Work request = Search each line of the data for the word "subtopology"; copy every line where it is found.

*** Opening Data ***

text \<open>If an open set W of units lies in the interior of C, it also lies in the interior of the
  arrows of C over W: near a unit u \<in> W, arrows of C have range and source in W.\<close>

lemma units_interior_arrows_over:
  assumes G: "lhlc_groupoid X G0 r s iv m" and W: "openin (subtopology X G0) W"
    and WC: "W \<subseteq> X interior_of C"
  shows "W \<subseteq> X interior_of (arrows_over X G0 r s C W)"
proof
  fix u assume u: "u \<in> W"
  define N where "N = X interior_of C \<inter> {a \<in> topspace X. r a \<in> W} \<inter> {a \<in> topspace X. s a \<in> W}"
  have "openin X N"
    unfolding N_def using lhlc_range_source_continuous[OF G] W
    by (intro openin_Int openin_continuous_map_preimage openin_interior_of)
  moreover have "u \<in> N"
    using u WC W openin_subset lhlc_range_unit[OF G] unfolding N_def by fastforce
  moreover have "N \<subseteq> arrows_over X G0 r s C W"
    using interior_of_subset[of X C] closure_of_subset[OF openin_subset[OF W]]
    unfolding N_def arrows_over_def by blast
  ultimately show "u \<in> X interior_of (arrows_over X G0 r s C W)"
    using interior_of_maximal_eq by blast
qed

lemma units_interior_Union_arrows_over:
  assumes G: "lhlc_groupoid X G0 r s iv m"
    and open_cover: "\<forall>W\<in>\<V>. openin (subtopology X G0) W" "G0 \<subseteq> \<Union>\<V>"
    and C: "\<And>W. W \<in> \<V> \<Longrightarrow> W \<subseteq> X interior_of (C W)"
  shows "G0 \<subseteq> X interior_of (\<Union>W\<in>\<V>. arrows_over X G0 r s (C W) W)"
proof
  fix u assume "u \<in> G0"
  then obtain W where W: "W \<in> \<V>" "u \<in> W" using open_cover(2) by blast
  hence "u \<in> X interior_of (arrows_over X G0 r s (C W) W)"
    using units_interior_arrows_over[OF G] open_cover(1) C by blast
  moreover have "arrows_over X G0 r s (C W) W \<subseteq> (\<Union>W\<in>\<V>. arrows_over X G0 r s (C W) W)"
    using W(1) by blast
  ultimately show "u \<in> X interior_of (\<Union>W\<in>\<V>. arrows_over X G0 r s (C W) W)"
    using interior_of_mono by blast
qed

lemma proper_Union_arrows_over:
  assumes G: "lhlc_groupoid X G0 r s iv m"
    and lf: "\<forall>x\<in>G0. \<exists>N. openin (subtopology X G0) N \<and> x \<in> N \<and> finite {W\<in>\<V>. W \<inter> N \<noteq> {}}"
    and C: "\<And>W. W \<in> \<V> \<Longrightarrow> compactin X (C W)"
  shows "proper_set X (subtopology X G0) r (\<Union>W\<in>\<V>. arrows_over X G0 r s (C W) W)"
    and "proper_set X (subtopology X G0) s (\<Union>W\<in>\<V>. arrows_over X G0 r s (C W) W)"
proof -
  let ?Y = "subtopology X G0" and ?K = "\<lambda>W. arrows_over X G0 r s (C W) W"
  have "\<forall>x\<in>topspace ?Y. \<exists>N. openin ?Y N \<and> x \<in> N \<and> finite {W\<in>\<V>. W \<inter> N \<noteq> {}}"
    using lf by simp
  moreover have "\<And>W. W \<in> \<V> \<Longrightarrow> compactin X (?K W)" using C arrows_over_compactin[OF G] by blast
  moreover have "\<And>W. r ` ?K W \<subseteq> ?Y closure_of W" "\<And>W. s ` ?K W \<subseteq> ?Y closure_of W"
    unfolding arrows_over_def by blast+
  ultimately show "proper_set X ?Y r (\<Union>(?K ` \<V>))" "proper_set X ?Y s (\<Union>(?K ` \<V>))"
    using lhlc_range_source_continuous[OF G] lhlc_units_Hausdorff[OF G]
    by (blast intro: proper_set_locally_finite_Union)+
qed

theorem mainTheorem4:
  assumes "lhlc_groupoid X G0 r s iv m"
    and "paracompact_space (subtopology X G0)"
    and "V \<subseteq> topspace X" and "G0 \<subseteq> X interior_of V"
  shows "\<exists>U. U \<subseteq> V \<and> G0 \<subseteq> X interior_of U \<and> diagonally_compact X r s m U"
proof -
  note G = assms(1)
  obtain \<V> C where \<V>_open: "\<forall>W\<in>\<V>. openin (subtopology X G0) W" and \<V>_cover: "G0 \<subseteq> \<Union>\<V>"
    and \<V>_lf: "\<forall>x\<in>G0. \<exists>N. openin (subtopology X G0) N \<and> x \<in> N \<and> finite {W\<in>\<V>. W \<inter> N \<noteq> {}}"
    and C_compact: "\<And>W. W \<in> \<V> \<Longrightarrow> compactin X (C W)"
    and C_nbhd: "\<And>W. W \<in> \<V> \<Longrightarrow> W \<subseteq> X interior_of (C W)"
    and C_sub: "\<And>W. W \<in> \<V> \<Longrightarrow> C W \<subseteq> V"
    using locally_finite_cover_by_compact_neighbourhoods[OF G assms(2,4)] by blast
  define U where "U = (\<Union>W\<in>\<V>. arrows_over X G0 r s (C W) W)"
  have "U \<subseteq> V" using C_sub unfolding U_def arrows_over_def by blast
  moreover have "G0 \<subseteq> X interior_of U"
    unfolding U_def using units_interior_Union_arrows_over[OF G \<V>_open \<V>_cover C_nbhd] .
  moreover have "proper_set X (subtopology X G0) r U" "proper_set X (subtopology X G0) s U"
    using proper_Union_arrows_over[OF G \<V>_lf C_compact] unfolding U_def by simp_all
  moreover have "U \<subseteq> topspace X" using \<open>U \<subseteq> V\<close> assms(3) by blast
  ultimately show ?thesis using diagonally_compact_if_proper[OF G] by blast
qed

end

*** Closing Data ***

Finished exercise =
  assumes G: "lhlc_groupoid X G0 r s iv m" and W: "openin (subtopology X G0) W"
    and open_cover: "\<forall>W\<in>\<V>. openin (subtopology X G0) W" "G0 \<subseteq> \<Union>\<V>"
    and lf: "\<forall>x\<in>G0. \<exists>N. openin (subtopology X G0) N \<and> x \<in> N \<and> finite {W\<in>\<V>. W \<inter> N \<noteq> {}}"
  shows "proper_set X (subtopology X G0) r (\<Union>W\<in>\<V>. arrows_over X G0 r s (C W) W)"
    and "proper_set X (subtopology X G0) s (\<Union>W\<in>\<V>. arrows_over X G0 r s (C W) W)"
  let ?Y = "subtopology X G0" and ?K = "\<lambda>W. arrows_over X G0 r s (C W) W"
    and "paracompact_space (subtopology X G0)"
  obtain \<V> C where \<V>_open: "\<forall>W\<in>\<V>. openin (subtopology X G0) W" and \<V>_cover: "G0 \<subseteq> \<Union>\<V>"
    and \<V>_lf: "\<forall>x\<in>G0. \<exists>N. openin (subtopology X G0) N \<and> x \<in> N \<and> finite {W\<in>\<V>. W \<inter> N \<noteq> {}}"
  moreover have "proper_set X (subtopology X G0) r U" "proper_set X (subtopology X G0) s U"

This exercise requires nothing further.